NameError: name 'dist_w_loop' is not defined

**Part 2.** Use only functions provided in numpy to calculate to find the pairwise distances in a vectorized fashion. You shouldn't use any loops or any other library except numpy.

In [17]:
def vect_dist(A,B):
    # your code goes here
    return np.sum((A[None,:] - B[:, None])**2, -1)**0.5
    pass

In [18]:
dist_w_vec = vect_dist(A,B)
print(len(dist_w_vec[0]))
print(len(dist_w_vec))

1000
5000


In [19]:
dist_w_vec

array([[11.05274066,  9.45975945,  9.10412115, ...,  8.61994485,
        10.56744549, 10.26401403],
       [10.38876466,  9.67015416,  9.94540619, ..., 10.24009112,
         9.95653534,  9.53785915],
       [10.16663561,  8.02972644, 10.33590363, ..., 10.36815424,
         9.7496924 ,  9.54423071],
       ...,
       [ 9.40609189,  8.35375709,  9.54935886, ..., 10.22758393,
        10.2086809 ,  8.45891164],
       [ 9.98343736,  9.26134481,  8.98421158, ...,  8.89727869,
         8.89732519,  9.12512204],
       [ 9.24938432,  9.12936845,  8.8744184 , ..., 10.29262723,
         9.98095355,  8.72211447]])

**Part 3.** Compare the solutions of the two methods to make sure you get the same answer.

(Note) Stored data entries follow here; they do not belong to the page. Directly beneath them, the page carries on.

lemma permutes_block:
  "sum_list lam = n \<Longrightarrow> i \<le> length lam \<Longrightarrow> \<sigma> permutes block lam i \<Longrightarrow> \<sigma> permutes {..<n}"
  using block_subset permutes_subset by blast

definition constant_on_blocks :: "nat list \<Rightarrow> (nat \<Rightarrow> 'a) \<Rightarrow> bool" where
  "constant_on_blocks lam f \<longleftrightarrow>
     (\<forall>i\<in>{1..length lam}. \<forall>a\<in>block lam i. \<forall>b\<in>block lam i. f a = f b)"

lemma constant_on_blocks_permutes:
  assumes "constant_on_blocks lam f" "1 \<le> i" "i \<le> length lam" "\<sigma> permutes block lam i"
  shows "f (\<sigma> j) = f j"
proof (cases "j \<in> block lam i")
  case True
  then have "\<sigma> j \<in> block lam i" using permutes_in_image[OF assms(4)] by simp
  with True assms(1-3) show ?thesis unfolding constant_on_blocks_def by (meson atLeastAtMost_iff)
next
  case False
  then show ?thesis using permutes_not_in[OF assms(4)] by simp
qed

lemma constant_on_blocks_comp: "constant_on_blocks lam f \<Longrightarrow> constant_on_blocks lam (\<lambda>j. g (f j))"
  unfolding constant_on_blocks_def by (intro ballI arg_cong[where f=g]) blast

lemma (in comm_monoid) finprod_block:
  assumes "0 \<notin> set lam" "k < length lam" "constant_on_blocks lam y" "y (psum lam k) \<in> carrier G"
  shows "finprod G y (block lam (Suc k)) = y (psum lam k) [^] (lam ! k)"
proof -
  have "psum lam k \<in> block lam (Suc k)" "Suc k \<in> {1..length lam}"
    using psum_less_Suc[OF assms(1,2)] assms(2) by (simp_all add: block_Suc)
  then have "finprod G y (block lam (Suc k)) = finprod G (\<lambda>_. y (psum lam k)) (block lam (Suc k))"
    using assms(3,4) unfolding constant_on_blocks_def by (intro finprod_cong') blast+
  then show ?thesis
    using assms(2,4) by (simp add: finprod_const block_Suc psum_Suc)
qed
theorem mainTheorem7:
  shows "\<forall>\<alpha>::real. 0 < \<alpha> \<and> \<alpha> \<le> 1/10 \<longrightarrow>
    (\<exists>r0::nat. \<forall>r1::nat. r1 \<ge> r0 \<longrightarrow>
      (\<exists>m0::nat. \<forall>m::nat. m \<ge> m0 \<longrightarrow>
        (\<forall>(A::nat set) (B::nat set) (H::(nat \<times> nat) set) (R::(nat \<times> nat) set) (r2::nat).
           good \<alpha> r1 m A B H \<longrightarrow>
           real r2 \<le> \<alpha> ^ 5 * real r1 / ln (real r1) \<longrightarrow>
           H \<subseteq> R \<longrightarrow> bip_regular A B R (r1 + r2) \<longrightarrow>
           real (card (one_factorizations A B R))
             \<ge> ((real r1 - real r2) / exp 2) ^ ((r1 - r2) * m))))"
proof -
  have bound: "((real r1 - real r2) / exp 2) ^ ((r1 - r2) * m) \<le> card (one_factorizations A B R)"
    if "0 < \<alpha>" "\<alpha> \<le> 1/10" "18 \<le> r1" "(2 * r1) ^ (2 * r1) \<le> m" "good \<alpha> r1 m A B H"
      "real r2 \<le> \<alpha> ^ 5 * real r1 / ln (real r1)" "bip_regular A B R (r1 + r2)"
    for \<alpha> :: real and r1 m r2 :: nat and A B :: "nat set" and H R :: "(nat \<times> nat) set"
  proof (rule card_one_factorizations_ge_diff)
    show "2 * r2 \<le> r1" using that by (intro twice_le_of_le_div_ln[of r1 \<alpha>]) auto
    show "card A = m" "card B = m" using \<open>good \<alpha> r1 m A B H\<close> unfolding good_def by auto
  qed (use that in auto)
  show ?thesis by (blast intro: bound)
qed

end
lemma phi_orthonormal:
  assumes "b < n k" "c < n k"
  shows "(\<Sum>a<n k. cnj (phi n k b k a) * phi n k c k a) = (if b = c then 1 else 0)"
proof -
  have "n k > 0" using assms by simp
  then have norm: "complex_of_real (1 / sqrt (real (n k))) * complex_of_real (1 / sqrt (real (n k)))
      * of_nat (n k) = 1"
    by (simp flip: of_real_mult)
  have "(\<Sum>a<n k. cnj (phi n k b k a) * phi n k c k a)
      = complex_of_real (1 / sqrt (real (n k))) * complex_of_real (1 / sqrt (real (n k)))
        * (\<Sum>a<n k. zeta n k ^ (b * a) * cnj (zeta n k ^ (c * a)))"
    by (simp add: phi_apply sum_distrib_left mult_ac)
  also have "\<dots> = (if b = c then 1 else 0)"
    using roots_unity_orthogonality[OF assms] norm by (simp add: zeta_def)
  finally show ?thesis .
qed

lemma phi_symmetric: "a < n k \<Longrightarrow> b < n k \<Longrightarrow> phi n k a k b = phi n k b k a"
  by (simp add: phi_apply mult.commute)

lemma phi_expansion:
  fixes x :: "nat \<Rightarrow> complex"
  assumes "a < n k"
  shows "(\<Sum>b<n k. (\<Sum>c<n k. cnj (phi n k b k c) * x c) * phi n k b k a) = x a"
proof -
  have "(\<Sum>b<n k. (\<Sum>c<n k. cnj (phi n k b k c) * x c) * phi n k b k a)
      = (\<Sum>b<n k. \<Sum>c<n k. x c * (cnj (phi n k b k c) * phi n k b k a))"
    by (simp add: sum_distrib_left sum_distrib_right mult_ac)
  also have "\<dots> = (\<Sum>c<n k. \<Sum>b<n k. x c * (cnj (phi n k b k c) * phi n k b k a))"
    by (rule sum.swap)
  also have "\<dots> = (\<Sum>c<n k. x c * (\<Sum>b<n k. cnj (phi n k c k b) * phi n k a k b))"
    using assms by (simp add: sum_distrib_left phi_symmetric)
  also have "\<dots> = x a"
    using assms by (simp add: phi_orthonormal if_distrib cong: if_cong)
  finally show ?thesis .
qed
(* Let $G$ be a graph and $(A,B)$ a $2$-separation of $G$ with $A\cap B=\{x,y\}$. Let $X=\{a,b,c,d\}\subseteq V(G)$. If $x,y\in X$, one vertex of $X$ lies in $A\setminus\{x,y\}$ and the other lies in $B\setminus\{x,y\}$, then $G$ does not have an $L(X)$-minor.
   Context: A $2$-separation is a pair $(A,B)$ with $A\cup B=V(G)$, $|A\cap B|\le2$ and no edge between $A\setminus B$ and $B\setminus A$. The graph $L$ has vertices $v_1,\dots,v_8$ and edges $v_1v_2,v_1v_5,v_2v_7,v_2v_8,v_2v_3,v_3v_4,v_4v_5,v_4v_7,v_5v_6,v_6v_7,v_6v_8,v_7v_8$. An $L$-model in $G$ is a family $\{G_z:z\in V(L)\}$ of pairwise vertex-disjoint connected subgraphs of $G$ such that for each $zz'\in E(L)$ some vertex of $G_z$ is adjacent to some vertex of $G_{z'}$. $G$ has an $L(X)$-minor if there is an $L$-model and an injective map $\pi:X\to\{v_1,v_3,v_4,v_5\}$ with $u\in V(G_{\pi(u)})$ for all $u\in X$. *)

theory Defs
  imports Main
begin

definition graph :: "'a set \<Rightarrow> ('a \<times> 'a) set \<Rightarrow> bool" where
  "graph V E \<longleftrightarrow> finite V \<and> E \<subseteq> V \<times> V \<and> sym E \<and> (\<forall>v. (v, v) \<notin> E)"

definition two_separation :: "'a set \<Rightarrow> ('a \<times> 'a) set \<Rightarrow> 'a set \<Rightarrow> 'a set \<Rightarrow> bool" where
  "two_separation V E A B \<longleftrightarrow> A \<union> B = V \<and> card (A \<inter> B) \<le> 2 \<and>
     (\<forall>u v. u \<in> A - B \<longrightarrow> v \<in> B - A \<longrightarrow> (u, v) \<notin> E)"

definition connected_subgraph :: "'a set \<Rightarrow> ('a \<times> 'a) set \<Rightarrow> 'a set \<Rightarrow> ('a \<times> 'a) set \<Rightarrow> bool" where
  "connected_subgraph V E W F \<longleftrightarrow> W \<subseteq> V \<and> F \<subseteq> E \<and> F \<subseteq> W \<times> W \<and> sym F \<and> W \<noteq> {} \<and>
     (\<forall>u\<in>W. \<forall>v\<in>W. (u, v) \<in> F\<^sup>*)"

text \<open>The graph L on vertices 1..8 (vertex i stands for v_i).\<close>
definition L_vertices :: "nat set" where "L_vertices = {1..8}"

definition L_edges :: "(nat \<times> nat) set" where
  "L_edges = {(1,2),(1,5),(2,7),(2,8),(2,3),(3,4),(4,5),(4,7),(5,6),(6,7),(6,8),(7,8)}"

definition L_model :: "'a set \<Rightarrow> ('a \<times> 'a) set \<Rightarrow> (nat \<Rightarrow> 'a set) \<Rightarrow> (nat \<Rightarrow> ('a \<times> 'a) set) \<Rightarrow> bool" where
  "L_model V E W F \<longleftrightarrow>
     (\<forall>z\<in>L_vertices. connected_subgraph V E (W z) (F z)) \<and>
     (\<forall>z\<in>L_vertices. \<forall>z'\<in>L_vertices. z \<noteq> z' \<longrightarrow> W z \<inter> W z' = {}) \<and>
     (\<forall>(z, z')\<in>L_edges. \<exists>u\<in>W z. \<exists>v\<in>W z'. (u, v) \<in> E)"

definition has_L_minor_rooted :: "'a set \<Rightarrow> ('a \<times> 'a) set \<Rightarrow> 'a set \<Rightarrow> bool" where
  "has_L_minor_rooted V E X \<longleftrightarrow>
     (\<exists>W F \<pi>. L_model V E W F \<and> \<pi> ` X \<subseteq> {1, 3, 4, 5} \<and> inj_on \<pi> X \<and>
        (\<forall>u\<in>X. u \<in> W (\<pi> u)))"

end

theory Submission
  imports Defs
begin

text \<open>Every branch set of an \<open>L\<close>-model other than the two containing \<open>x\<close> and \<open>y\<close> avoids the
separator \<open>{x, y}\<close>, so being connected it lies entirely in \<open>A - B\<close> or entirely in \<open>B - A\<close>;
adjacent such branch sets lie on the same side. Deleting any two of the roots
\<open>v\<^sub>1, v\<^sub>3, v\<^sub>4, v\<^sub>5\<close> from \<open>L\<close> leaves the other two roots in one component, so their branch sets
lie on the same side, whereas one of them contains the vertex of \<open>X\<close> in \<open>A - B\<close> and the
other the vertex of \<open>X\<close> in \<open>B - A\<close>.\<close>

definition separation :: "'a set \<Rightarrow> ('a \<times> 'a) set \<Rightarrow> 'a set \<Rightarrow> 'a set \<Rightarrow> bool" where
  "separation V E A B \<longleftrightarrow> A \<union> B = V \<and> (\<forall>u v. u \<in> A - B \<longrightarrow> v \<in> B - A \<longrightarrow> (u, v) \<notin> E)"

lemma two_separation_imp_separation:
  "two_separation V E A B \<Longrightarrow> separation V E A B"
  unfolding two_separation_def separation_def by blast

lemma separation_sym:
  assumes "sym E" and "separation V E A B"
  shows "separation V E B A"
  using assms unfolding separation_def by (auto dest: symD)

lemma connected_subgraph_stays_in_side:
  assumes sep: "separation V E A B" and conn: "connected_subgraph V E S F"
    and avoid: "S \<inter> (A \<inter> B) = {}" and u: "u \<in> S" "u \<in> A - B"
  shows "S \<subseteq> A - B"
proof
  fix v assume "v \<in> S"
  have F: "F \<subseteq> E" "F \<subseteq> S \<times> S" "S \<subseteq> V"
    using conn unfolding connected_subgraph_def by auto
  have "(u, v) \<in> F\<^sup>*"
    using conn u \<open>v \<in> S\<close> unfolding connected_subgraph_def by blast
  then show "v \<in> A - B"
  proof (induction rule: rtrancl_induct)
    case base
    then show ?case using u by simp
  next
    case (step w z)
    have "z \<in> A - B \<or> z \<in> B - A"
      using step.hyps(2) F avoid sep unfolding separation_def by auto
    then show ?case
      using step sep F unfolding separation_def by auto
  qed
qed

lemma connected_subgraph_one_side:
  assumes "sym E" and sep: "separation V E A B" and conn: "connected_subgraph V E S F"
    and avoid: "S \<inter> (A \<inter> B) = {}"
  shows "S \<subseteq> A - B \<or> S \<subseteq> B - A"
proof -
  obtain u where u: "u \<in> S" "u \<in> V"
    using conn unfolding connected_subgraph_def by auto
  then have "u \<in> A - B \<or> u \<in> B - A"
    using sep avoid unfolding separation_def by auto
  moreover have "S \<inter> (B \<inter> A) = {}"
    using avoid by auto
  ultimately show ?thesis
    using connected_subgraph_stays_in_side[OF sep conn avoid u(1)]
      connected_subgraph_stays_in_side[OF separation_sym[OF \<open>sym E\<close> sep] conn _ u(1)]
    by blast
qed

text \<open>Connectedness of \<open>L - {i, j}\<close>, phrased via functions constant along its edges: the
non-roots \<open>v\<^sub>2, v\<^sub>6, v\<^sub>7, v\<^sub>8\<close> induce a connected subgraph to which every root is adjacent.\<close>

lemma L_delete_two_roots_connected:
  fixes s :: "nat \<Rightarrow> 'b"
  assumes ij: "i \<in> {1, 3, 4, 5}" "j \<in> {1, 3, 4, 5}"
    and inv: "\<And>z z'. (z, z') \<in> L_edges \<Longrightarrow> z \<notin> {i, j} \<Longrightarrow> z' \<notin> {i, j} \<Longrightarrow> s z = s z'"
    and t: "t \<in> {1, 3, 4, 5}" "t \<notin> {i, j}"
  shows "s t = s 2"
proof -
  have nonroot_edge: "s z = s z'"
    if "(z, z') \<in> L_edges" "z \<notin> {1, 3, 4, 5}" "z' \<notin> {1, 3, 4, 5}" for z z'
    using inv that ij by blast
  have s27: "s 2 = s 7" and s78: "s 7 = s 8" and s68: "s 6 = s 8"
    by (rule nonroot_edge; simp add: L_edges_def)+
  have "(t, 2) \<in> L_edges \<or> (2, t) \<in> L_edges \<or> (t, 7) \<in> L_edges \<or> (t, 6) \<in> L_edges"
    using t(1) by (auto simp: L_edges_def)
  moreover have "2 \<notin> {i, j}" "6 \<notin> {i, j}" "7 \<notin> {i, j}"
    using ij by auto
  ultimately show ?thesis
    using inv[of t] inv[of _ t] t(2) s27 s78 s68 by metis
qed

lemma L_model_branch_set_one_side:
  assumes "sym E" and sep: "separation V E A B" and model: "L_model V E W F"
    and ij: "i \<in> L_vertices" "j \<in> L_vertices" and separator: "A \<inter> B \<subseteq> W i \<union> W j"
    and z: "z \<in> L_vertices" "z \<notin> {i, j}"
  shows "W z \<subseteq> A - B \<or> W z \<subseteq> B - A"
proof (rule connected_subgraph_one_side[OF \<open>sym E\<close> sep])
  show "connected_subgraph V E (W z) (F z)"
    using model z(1) unfolding L_model_def by blast
  have "W z \<inter> W i = {}" "W z \<inter> W j = {}"
    using model ij z unfolding L_model_def by auto
  then show "W z \<inter> (A \<inter> B) = {}"
    using separator by blast
qed

lemma L_model_roots_same_side:
  assumes "sym E" and sep: "separation V E A B" and model: "L_model V E W F"
    and ij: "i \<in> {1, 3, 4, 5}" "j \<in> {1, 3, 4, 5}" and separator: "A \<inter> B \<subseteq> W i \<union> W j"
    and kl: "k \<in> {1, 3, 4, 5} - {i, j}" "l \<in> {1, 3, 4, 5} - {i, j}"
  shows "W k \<subseteq> A - B \<longleftrightarrow> W l \<subseteq> A - B"
proof -
  have ij_vertices: "i \<in> L_vertices" "j \<in> L_vertices"
    using ij unfolding L_vertices_def by auto
  note one_side = L_model_branch_set_one_side[OF \<open>sym E\<close> sep model ij_vertices separator]
  have same_side: "W z \<subseteq> A - B \<longleftrightarrow> W z' \<subseteq> A - B"
    if edge: "(z, z') \<in> L_edges" and avoid: "z \<notin> {i, j}" "z' \<notin> {i, j}" for z z'
  proof -
    obtain u v where uv: "u \<in> W z" "v \<in> W z'" "(u, v) \<in> E"
      using model edge unfolding L_model_def by blast
    have "z \<in> L_vertices" "z' \<in> L_vertices"
      using edge unfolding L_edges_def L_vertices_def by auto
    with avoid have "W z \<subseteq> A - B \<or> W z \<subseteq> B - A" "W z' \<subseteq> A - B \<or> W z' \<subseteq> B - A"
      using one_side by auto
    moreover have "(v, u) \<in> E"
      using \<open>sym E\<close> uv(3) by (rule symD)
    ultimately show ?thesis
      using uv sep unfolding separation_def by blast
  qed
  note connected = L_delete_two_roots_connected[where s = "\<lambda>z. W z \<subseteq> A - B", OF ij same_side]
  show ?thesis
    using connected[of k] connected[of l] kl by simp
qed

theorem mainTheorem19:
  fixes V :: "'a set" and E :: "('a \<times> 'a) set" and A B :: "'a set"
    and x y a b c d :: 'a and X :: "'a set"
  assumes "graph V E"
    and "two_separation V E A B" and "A \<inter> B = {x, y}"
    and "X = {a, b, c, d}" and "distinct [a, b, c, d]" and "X \<subseteq> V"
    and "x \<in> X" and "y \<in> X"
    and "\<exists>p q. X - {x, y} = {p, q} \<and> p \<in> A - {x, y} \<and> q \<in> B - {x, y}"
  shows "\<not> has_L_minor_rooted V E X"
proof
  assume "has_L_minor_rooted V E X"
  then obtain W F \<pi> where model: "L_model V E W F" and roots: "\<pi> ` X \<subseteq> {1, 3, 4, 5}"
    and inj: "inj_on \<pi> X" and rooted: "\<forall>u\<in>X. u \<in> W (\<pi> u)"
    unfolding has_L_minor_rooted_def by blast
  obtain p q where pq: "X - {x, y} = {p, q}" "p \<in> A - {x, y}" "q \<in> B - {x, y}"
    using assms(9) by blast
  have sep: "separation V E A B"
    using assms(2) by (rule two_separation_imp_separation)
  have "sym E"
    using assms(1) unfolding graph_def by blast
  have "p \<in> X" "q \<in> X" "p \<notin> {x, y}" "q \<notin> {x, y}"
    using pq by auto
  then have kl: "\<pi> p \<in> {1, 3, 4, 5} - {\<pi> x, \<pi> y}" "\<pi> q \<in> {1, 3, 4, 5} - {\<pi> x, \<pi> y}"
    using roots inj assms(7,8) by (auto simp: inj_on_eq_iff)
  have ij: "\<pi> x \<in> {1, 3, 4, 5}" "\<pi> y \<in> {1, 3, 4, 5}"
    using roots assms(7,8) by auto
  have separator: "A \<inter> B \<subseteq> W (\<pi> x) \<union> W (\<pi> y)"
    using rooted assms(3,7,8) by auto
  have same: "W (\<pi> p) \<subseteq> A - B \<longleftrightarrow> W (\<pi> q) \<subseteq> A - B"
    by (rule L_model_roots_same_side[OF \<open>sym E\<close> sep model ij separator kl])
  have roots_vertices: "{1, 3, 4, 5} \<subseteq> L_vertices"
    unfolding L_vertices_def by auto
  have "W (\<pi> p) \<subseteq> A - B \<or> W (\<pi> p) \<subseteq> B - A"
    using L_model_branch_set_one_side[OF \<open>sym E\<close> sep model _ _ separator] ij kl(1) roots_vertices
    by blast
  moreover have "p \<in> W (\<pi> p)" "q \<in> W (\<pi> q)" "p \<in> A - B" "q \<in> B - A"
    using rooted pq assms(3) by auto
  ultimately show False
    using same by blast
qed

end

Then compare the efficiency of the two methods using *timeit*.

In [20]:
# use magic timeit on your functions
#%timeit ...

In [21]:
# Check that the answers from both methods are the same
# your code goes here


In [22]:
# time the loop method
# your code goes here


In [23]:
# time the vectorized method
# your code goes here


**Part 4.** Use scikit-learn package to do the same calculation and compare the efficiency with the previous methods.

In [24]:
import sklearn

def sk_dist(A,B):
    # your code goes here
    pass

In [25]:
dist_w_sk = sk_dist(A,B)

In [26]:
# check if the answers are the same
np.min(dist_w_vec == dist_w_loop)

NameError: name 'dist_w_loop' is not defined

In [27]:
# time the vectorized method
# your code goes here


### Conclusion

Using vectorization methods are orders of magnitude faster than using logical loops (witness the power of linear algebra and hardware acceleration). Vectorization also makes the code much more readable and generalizable to future applicaitons.